Let $\Lambda$ be a real, positive definite, symmetric $n\times n$ matrix with ordered eigenvalues $0<\lambda_1\le\dots\le\lambda_n$. For any unit vector $y$, we can construct another matrix in the following fashion:
$$M = \Lambda – \frac{(\Lambda y)(\Lambda y)^t}{y^t\Lambda y}$$
M is symmetric and positive semi-definite with a zero eigenvector $y$.

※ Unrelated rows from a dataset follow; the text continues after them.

(* Let $K$ be a virtual knot with classical crossing number $c(K)=n$, and suppose $K$ has a Gauss code $\omega_K$ (coming from a diagram of $K$ with $n$ classical crossings) with $M(\omega_K)=n$. Then $n=\tau(K)=\rho(K)$.
   Context: Mosaic tiles are the eleven standard unit-square tiles $T_0,\dots,T_{10}$ ($T_0$ blank; $T_1,\dots,T_8$ non-crossing tiles with one or two arcs; $T_9,T_{10}$ the two crossing tiles, each containing a horizontal and a vertical strand crossing at the center). A virtual rectangular mosaic is an $m\times n$ array of tiles together with a pairing of the $2(m+n)$ boundary unit edges whose quotient is a closed orientable surface carrying a knot diagram; it represents a virtual knot. A row mosaic is a $1\times n$ virtual rectangular mosaic. The tile number $\tau(K)$ is the minimal number of tiles of a virtual rectangular mosaic representing $K$; the row number $\rho(K)$ is the minimal $n$ such that $K$ is represented by a $1\times n$ row mosaic. The classical crossing number $c(K)$ is the minimal number of classical crossings in a virtual diagram of $K$. A Gauss code of a diagram with classical crossings labeled $1,\dots,n$ is the cyclic sequence of length $2n$ recording, while traversing the knot, each classical crossing passed (with over/under and sign information). $M(\omega_K)$ denotes the length of a longest consecutive subsequence of $\omega_K$ in which no crossing label appears twice. *)

theory Defs
  imports Main
begin

text \<open>A Gauss code entry is (crossing label, is_over, sign_is_positive).
  A Gauss code is a list, read cyclically.\<close>

type_synonym gentry = "nat \<times> bool \<times> bool"
type_synonym gcode = "gentry list"

definition valid_gc :: "gcode \<Rightarrow> bool" where
  "valid_gc w \<longleftrightarrow> (\<forall>l \<in> fst ` set w. \<exists>s.
      filter (\<lambda>e. fst e = l) w \<in> {[(l, True, s), (l, False, s)], [(l, False, s), (l, True, s)]})"

definition labels :: "gcode \<Rightarrow> nat set" where
  "labels w = fst ` set w"

text \<open>R3 segments: top strand (over at x and y), middle strand (under at x, over at z),
  bottom strand (under at y and z).  The boolean says whether the strand meets the
  crossings in the listed order.\<close>

definition segT :: "bool \<Rightarrow> nat \<Rightarrow> nat \<Rightarrow> bool \<Rightarrow> bool \<Rightarrow> gcode" where
  "segT t x y sx sy = (if t then [(x, True, sx), (y, True, sy)] else [(y, True, sy), (x, True, sx)])"

definition segM :: "bool \<Rightarrow> nat \<Rightarrow> nat \<Rightarrow> bool \<Rightarrow> bool \<Rightarrow> gcode" where
  "segM m x z sx sz = (if m then [(x, False, sx), (z, True, sz)] else [(z, True, sz), (x, False, sx)])"

definition segB :: "bool \<Rightarrow> nat \<Rightarrow> nat \<Rightarrow> bool \<Rightarrow> bool \<Rightarrow> gcode" where
  "segB b y z sy sz = (if b then [(y, False, sy), (z, False, sz)] else [(z, False, sz), (y, False, sy)])"

inductive vmove :: "gcode \<Rightarrow> gcode \<Rightarrow> bool" where
  rot: "vmove w (rotate k w)"
| relabel: "inj f \<Longrightarrow> vmove w (map (\<lambda>(l, ov, s). (f l, ov, s)) w)"
| R1: "i \<notin> labels (u @ v) \<Longrightarrow> vmove (u @ v) (u @ [(i, ov, s), (i, \<not> ov, s)] @ v)"
| R2: "i \<noteq> j \<Longrightarrow> i \<notin> labels (b @ c) \<Longrightarrow> j \<notin> labels (b @ c) \<Longrightarrow>
       Q \<in> {[(i, False, s), (j, False, \<not> s)], [(j, False, \<not> s), (i, False, s)]} \<Longrightarrow>
       vmove (b @ c) ([(i, True, s), (j, True, \<not> s)] @ b @ Q @ c)"
| R3a: "distinct [x, y, z] \<Longrightarrow> {x, y, z} \<inter> labels (a @ b @ c @ d) = {} \<Longrightarrow>
       ((sy = sz) = (t = m)) \<Longrightarrow> ((sx = sz) = (t = bo)) \<Longrightarrow>
       vmove (a @ segT t x y sx sy @ b @ segM m x z sx sz @ c @ segB bo y z sy sz @ d)
             (a @ segT (\<not> t) x y sx sy @ b @ segM (\<not> m) x z sx sz @ c @ segB (\<not> bo) y z sy sz @ d)"
| R3b: "distinct [x, y, z] \<Longrightarrow> {x, y, z} \<inter> labels (a @ b @ c @ d) = {} \<Longrightarrow>
       ((sy = sz) = (t = m)) \<Longrightarrow> ((sx = sz) = (t = bo)) \<Longrightarrow>
       vmove (a @ segT t x y sx sy @ b @ segB bo y z sy sz @ c @ segM m x z sx sz @ d)
             (a @ segT (\<not> t) x y sx sy @ b @ segB (\<not> bo) y z sy sz @ c @ segM (\<not> m) x z sx sz @ d)"

definition vequiv :: "gcode \<Rightarrow> gcode \<Rightarrow> bool" where
  "vequiv = (symclp vmove)\<^sup>*\<^sup>*"

definition crossing_number :: "gcode \<Rightarrow> nat" where
  "crossing_number K = (LEAST n. \<exists>w. vequiv K w \<and> length w = 2 * n)"

definition max_window :: "gcode \<Rightarrow> nat" where
  "max_window w = Max {k. k \<le> length w \<and> (\<exists>r. distinct (map fst (take k (rotate r w))))}"

datatype side = N | E | S | W

text \<open>T0 blank; T1..T4 single corner arcs; T5 horizontal; T6 vertical;
  T7, T8 double arcs; T9 crossing with horizontal strand over; T10 vertical over.\<close>
datatype tile = T0 | T1 | T2 | T3 | T4 | T5 | T6 | T7 | T8 | T9 | T10

fun conn :: "tile \<Rightarrow> side \<Rightarrow> side option" where
  "conn T0 _ = None"
| "conn T1 N = Some W" | "conn T1 W = Some N" | "conn T1 _ = None"
| "conn T2 N = Some E" | "conn T2 E = Some N" | "conn T2 _ = None"
| "conn T3 E = Some S" | "conn T3 S = Some E" | "conn T3 _ = None"
| "conn T4 S = Some W" | "conn T4 W = Some S" | "conn T4 _ = None"
| "conn T5 W = Some E" | "conn T5 E = Some W" | "conn T5 _ = None"
| "conn T6 N = Some S" | "conn T6 S = Some N" | "conn T6 _ = None"
| "conn T7 N = Some W" | "conn T7 W = Some N" | "conn T7 E = Some S" | "conn T7 S = Some E"
| "conn T8 N = Some E" | "conn T8 E = Some N" | "conn T8 S = Some W" | "conn T8 W = Some S"
| "conn T9 N = Some S" | "conn T9 S = Some N" | "conn T9 E = Some W" | "conn T9 W = Some E"
| "conn T10 N = Some S" | "conn T10 S = Some N" | "conn T10 E = Some W" | "conn T10 W = Some E"

text \<open>A port (i, j, d): side d of the tile in row i (row 0 on top), column j.\<close>
type_synonym port = "nat \<times> nat \<times> side"

definition in_mosaic :: "nat \<Rightarrow> nat \<Rightarrow> port \<Rightarrow> bool" where
  "in_mosaic m n p = (case p of (i, j, d) \<Rightarrow> i < m \<and> j < n)"

definition bport :: "nat \<Rightarrow> nat \<Rightarrow> port \<Rightarrow> bool" where
  "bport m n p = (case p of (i, j, d) \<Rightarrow> i < m \<and> j < n \<and>
      (d = N \<and> i = 0 \<or> d = S \<and> i = m - 1 \<or> d = W \<and> j = 0 \<or> d = E \<and> j = n - 1))"

definition across :: "nat \<Rightarrow> nat \<Rightarrow> (port \<Rightarrow> port) \<Rightarrow> port \<Rightarrow> port" where
  "across m n P p = (if bport m n p then P p else
     (case p of (i, j, N) \<Rightarrow> (i - 1, j, S) | (i, j, S) \<Rightarrow> (i + 1, j, N)
              | (i, j, W) \<Rightarrow> (i, j - 1, E) | (i, j, E) \<Rightarrow> (i, j + 1, W)))"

The question: what can be said about the other eigenvalues? For example, since M is symmetric, all other eigenvectors will be perpendicular to $y$. Take any such $x$, then
$$x^tMx = x^t\Lambda x – \frac{(y^t\Lambda x)^2}{y^t\Lambda y}\le \lambda_n x^tx$$
and we conclude that the other eigenvalues cannot exceed the largest one of $\Lambda$. Is the same true for the smallest eigenvalue, i.e. the smallest non-zero eigenvalue of $M$ is at least as large as the smallest eigenvalue of $\Lambda$?
Best Answer
In short the answer is yes. Actually you can prove that there exists an ordering of the eigenvalues of the two matrices. The proof is easy; just use the min-max theorem, which states that for non-zero vectors $x$:
$$\lambda_k=\min_{U}\max_{x\in U, \dim U=k}\frac{x^t\Lambda x}{{||x||}^2}$$
but since we know that:
$$\frac{x^t\Lambda x}{{||x||}^2}\geq \frac{x^tM x}{{||x||}^2}$$
The result that the k-th larger eigenvalue of $\Lambda$ exceeds that of $M$ readily follows:
$$\lambda_k\geq \mu_k$$
where $\Lambda x_k=\lambda_kx_k$ , $M y_k=\mu_ky_k$, and the eigenvalues are ordered.